The United States has provided El Salvador with 10 UH-1H troop-carrying helicopters, but the Salvadoran government wants 14 more. It also wants to obtain American F-5E and A-37 fighters-bombers. In the US view, El Salvador's aging, French-made "Fouga" and "Ouragan" fighters are not capable of providing effective air defense or support for ground forces. In the US and Salvadoran view, observation aircraft and transport planes capable of taking off from and landing on small airfields are required as well.
Getting more aid for El Salvador may prove to be an extremely difficult proposition, however. Although Ambassador Hinton and Salvadoran government officials have argued that the human-rights situation in El Salvador is slowly improving, abuses of the civilian population by members of the governments security forces and Army appear to continue at a high level. On July 12, Msgr. Arturo Rivera Damas, the senior Roman Catholic church official in El Salvador, charged that the Army had murdered at least 27 civilians during the previous week.
Votes in US Senate and House committees in May imposed restrictions on US military aid to El Salvador and required that President Reagan certify that the Salvadoran government was making "significant progress" in carrying out human rights, economic, and political changes before more aid could be given.
The Reagan administration argues that it is supporting a moderate, reform-oriented government caught between the extremes of left and right. Some congressmen question this; they say they think the civilian members of the ruling junta are unable to control events, and that military leaders hold the real power.
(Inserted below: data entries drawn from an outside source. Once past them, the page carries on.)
locale topo_mixed_graph =
  fixes n :: nat and D B :: "(nat \<times> nat) set"
  assumes D_sub: "D \<subseteq> {1..n} \<times> {1..n}"
    and B_sub: "B \<subseteq> {1..n} \<times> {1..n}"
    and sym_B: "sym B"
    and D_less: "(a, b) \<in> D \<Longrightarrow> a < b"
begin

lemma rtrancl_le: "(a, b) \<in> D\<^sup>* \<Longrightarrow> a \<le> b"
  by (induction rule: rtrancl_induct) (auto dest: D_less)

lemma rtrancl_antisym: "(a, b) \<in> D\<^sup>* \<Longrightarrow> (b, a) \<in> D\<^sup>* \<Longrightarrow> a = b"
  using rtrancl_le[of a b] rtrancl_le[of b a] by simp

lemma an_interval: "S \<subseteq> {1..m} \<Longrightarrow> an D S \<subseteq> {1..m}"
proof
  fix x assume S: "S \<subseteq> {1..m}" and "x \<in> an D S"
  then obtain h where h: "h \<in> S" "(x, h) \<in> D\<^sup>*" unfolding an_def by auto
  have "1 \<le> x"
    using h S D_sub by (cases rule: converse_rtranclE[OF h(2)]) auto
  with h S rtrancl_le show "x \<in> {1..m}" by fastforce
qed

lemma ancestral_interval: "an D {1..m} = {1..m}"
  using an_interval[of "{1..m}" m] an_subset[of "{1..m}"] by auto

lemma ancestral_Diff_Max:
  assumes "an D A = A" and "A \<subseteq> {1..m}"
  shows "an D (A - {m}) = A - {m}"
proof (rule ancestral_Diff[OF assms(1)])
  show "\<forall>w \<in> A. (m, w) \<in> D\<^sup>* \<longrightarrow> w = m"
    using assms(2) rtrancl_le by fastforce
qed

lemma childless_Max: "A \<subseteq> {1..m} \<Longrightarrow> c \<in> A \<Longrightarrow> (m, c) \<notin> D"
  using D_less by fastforce

lemma least_in_ceil:
  assumes "finite W" and "z \<in> W"
  obtains k where "k \<in> ceil D W" and "\<forall>x \<in> ceil D W. k \<le> x" and "k \<le> z"
proof -
  have "Min W \<in> W" using Min_in assms by blast
  moreover have "u = Min W" if "u \<in> W" and "(u, Min W) \<in> D\<^sup>*" for u
    using rtrancl_le[OF that(2)] Min_le[OF assms(1) that(1)] by simp
  ultimately have Min_W: "Min W \<in> ceil D W" unfolding ceil_def an_def by auto
  have fin: "finite (ceil D W)" using assms(1) unfolding ceil_def by simp
  show ?thesis
  proof (rule that)
    show "Min (ceil D W) \<in> ceil D W" using Min_in[OF fin] Min_W by blast
    show "\<forall>x \<in> ceil D W. Min (ceil D W) \<le> x" using Min_le[OF fin] by blast
    show "Min (ceil D W) \<le> z" using Min_le[OF fin Min_W] Min_le[OF assms] by linarith
  qed
qed

lemma subset_an_barren:
  assumes "finite S"
  shows "S \<subseteq> an D (barren D S)"
proof
  fix x assume x: "x \<in> S"
  let ?U = "{u \<in> S. (x, u) \<in> D\<^sup>*}"
  have fin: "finite ?U" using assms by simp
  have U: "Max ?U \<in> ?U" using Max_in[OF fin] x by blast
  have "u = Max ?U" if "u \<in> S" and "(Max ?U, u) \<in> D\<^sup>*" for u
  proof -
    have "u \<in> ?U" using U that by (blast intro: rtrancl_trans)
    with rtrancl_le[OF that(2)] Max_ge[OF fin] show ?thesis by fastforce
  qed
  with U have "Max ?U \<in> barren D S" unfolding barren_def by blast
  then show "x \<in> an D (barren D S)" unfolding an_def using U by auto
qed

lemma sym_restrict: "sym (B \<inter> W \<times> W)"
  using sym_B unfolding sym_def by blast

lemma dis_in_eq: "u \<in> dis_in B W v \<Longrightarrow> dis_in B W u = dis_in B W v"
proof -
  assume "u \<in> dis_in B W v"
  then have vu: "(v, u) \<in> (B \<inter> W \<times> W)\<^sup>*" unfolding dis_in_def by simp
  then have "(u, v) \<in> (B \<inter> W \<times> W)\<^sup>*"
    using sym_rtrancl[OF sym_restrict] unfolding sym_def by blast
  with vu show ?thesis unfolding dis_in_def by (blast intro: rtrancl_trans)
qed

lemma sib_dis_in: "h \<in> sib B (dis_in B W v) \<Longrightarrow> h \<in> W \<Longrightarrow> h \<in> dis_in B W v"
  using sym_B unfolding sib_def dis_in_def sym_def by (blast intro: rtrancl_into_rtrancl)

lemma is_head_barren: "is_head n D B H \<Longrightarrow> barren D H = H"
  unfolding is_head_def using barren_in_ancestral[OF ancestral_interval] by metis

lemma head_finite: "is_head n D B H \<Longrightarrow> finite H"
  unfolding is_head_def by (meson finite_atLeastAtMost finite_subset)

lemma ancestral_an_head_Diff:
  assumes "is_head n D B H" and "k \<in> H"
  shows "an D (an D H - {k}) = an D H - {k}"
proof (rule ancestral_Diff[OF an_idem])
  show "\<forall>w \<in> an D H. (k, w) \<in> D\<^sup>* \<longrightarrow> w = k"
  proof (intro ballI impI)
    fix w assume "w \<in> an D H" and kw: "(k, w) \<in> D\<^sup>*"
    then obtain h where h: "h \<in> H" "(w, h) \<in> D\<^sup>*" unfolding an_def by auto
    have "(k, h) \<in> D\<^sup>*" using kw h(2) by (rule rtrancl_trans)
    then have "h = k"
      using is_head_barren[OF assms(1)] assms(2) h(1) unfolding barren_def by blast
    with kw h(2) show "w = k" by (blast intro: rtrancl_antisym)
  qed
qed

lemma head_of_district:
  assumes A: "an D A = A" "A \<subseteq> {1..n}" and v: "v \<in> A"
  defines "H \<equiv> barren_in D A (dis_in B A v)"
  shows "is_head n D B H" and "head_dis D B H = dis_in B A v"
    and "H \<union> tail D B H = with_pa D (dis_in B A v)"
    and "dis_in B A v \<subseteq> an D H" and "an D H \<subseteq> A"
proof -
  let ?S = "dis_in B A v"
  have SA: "?S \<subseteq> A" by (rule dis_in_subset)
  have H: "H = barren D ?S" unfolding H_def using barren_in_ancestral[OF A(1) SA] .
  have HS: "H \<subseteq> ?S" unfolding H barren_def by blast
  have "finite ?S" using SA A(2) by (meson finite_atLeastAtMost finite_subset order_trans)
  then show S_an: "?S \<subseteq> an D H" unfolding H by (rule subset_an_barren)
  show an_A: "an D H \<subseteq> A" using ancestral_an_subset[OF A(1)] HS SA by blast
  have dis_h: "dis_in B (an D H) h = ?S" if "h \<in> H" for h
  proof -
    have "dis_in B A h = ?S" using dis_in_eq HS that by blast
    moreover have "h \<in> an D H" using that an_subset by blast
    ultimately show ?thesis using dis_in_restrict[of h "an D H" A] an_A S_an by simp
  qed
  have "H \<noteq> {}" using S_an dis_in_self[OF v] unfolding an_def by auto
  then show "head_dis D B H = ?S" unfolding head_dis_def dis_set_def using dis_h by auto
  then show "H \<union> tail D B H = with_pa D ?S" using head_with_tail by simp
  obtain h where h: "h \<in> H" using \<open>H \<noteq> {}\<close> by blast
  have "barren_in D {1..n} H = H"
    using barren_in_ancestral[OF ancestral_interval] HS SA A(2) barren_idem H by (metis order_trans)
  moreover have "H \<subseteq> dis_in B (an D H) h" using dis_h[OF h] HS by simp
  ultimately show "is_head n D B H"
    unfolding is_head_def using \<open>H \<noteq> {}\<close> h HS SA A(2) by blast
qed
The administration's main justification for providing aid -- allegations of massive Cuban support to the guerrillas -- also has come under question on Capitol Hill. The Wall Street Journal and Washington Post carried articles last month which concluded that the Senate Department "white paper" on the subject, issued last Feb. 23, was full of flaws and distortions. The State Department admitted that the paper had contained a "few points of misstated detail or ambiguous formulations" but stuck to its conclusions.
One congressman who is skeptical about the military-aid program for El Salvador, Rep. Michael D. Barnes (D) of Maryland, who is head of the House Subcommittee on Inter-American Affairs, said that Congress was currently more receptive to the idea of providing economic aid to El Salvador than it was providing further military assistance.
"The reaction to any significant increase in military assistance to El Salvador would be very negative," Mr. Barnes said.
Another critic, Rep. Clarence D. Long (D) of Maryland, chairman of the House Subcommittee on Foreign Operations, said that when the question comes up again, he may vote against both military and economic aid for El Salvador.
"The problem is not so much that the war's at a stalemate," said Congressman Long in a telephone interview. "The problem is that the economy's at a stalemate.
"The land reform was carried out in a bad way," he said. "The cooperatives don't work. . . .A billion dollars left the country before they could slam the door.
"It's a represive regime, and we just don't know how to keep them from stealing our money," the congressman continued. "I don't know what the solution is, but I do know that the US Treasury is going to be the target of a ripoff, and if we stay in there, we're going to end up being the enemy."
But Long thinks that, in this case, votes on El Salvador will divide largely along partisan lines. In his view, many Republicans will vote for further aid mainly because it is being proposed by a GOP administration.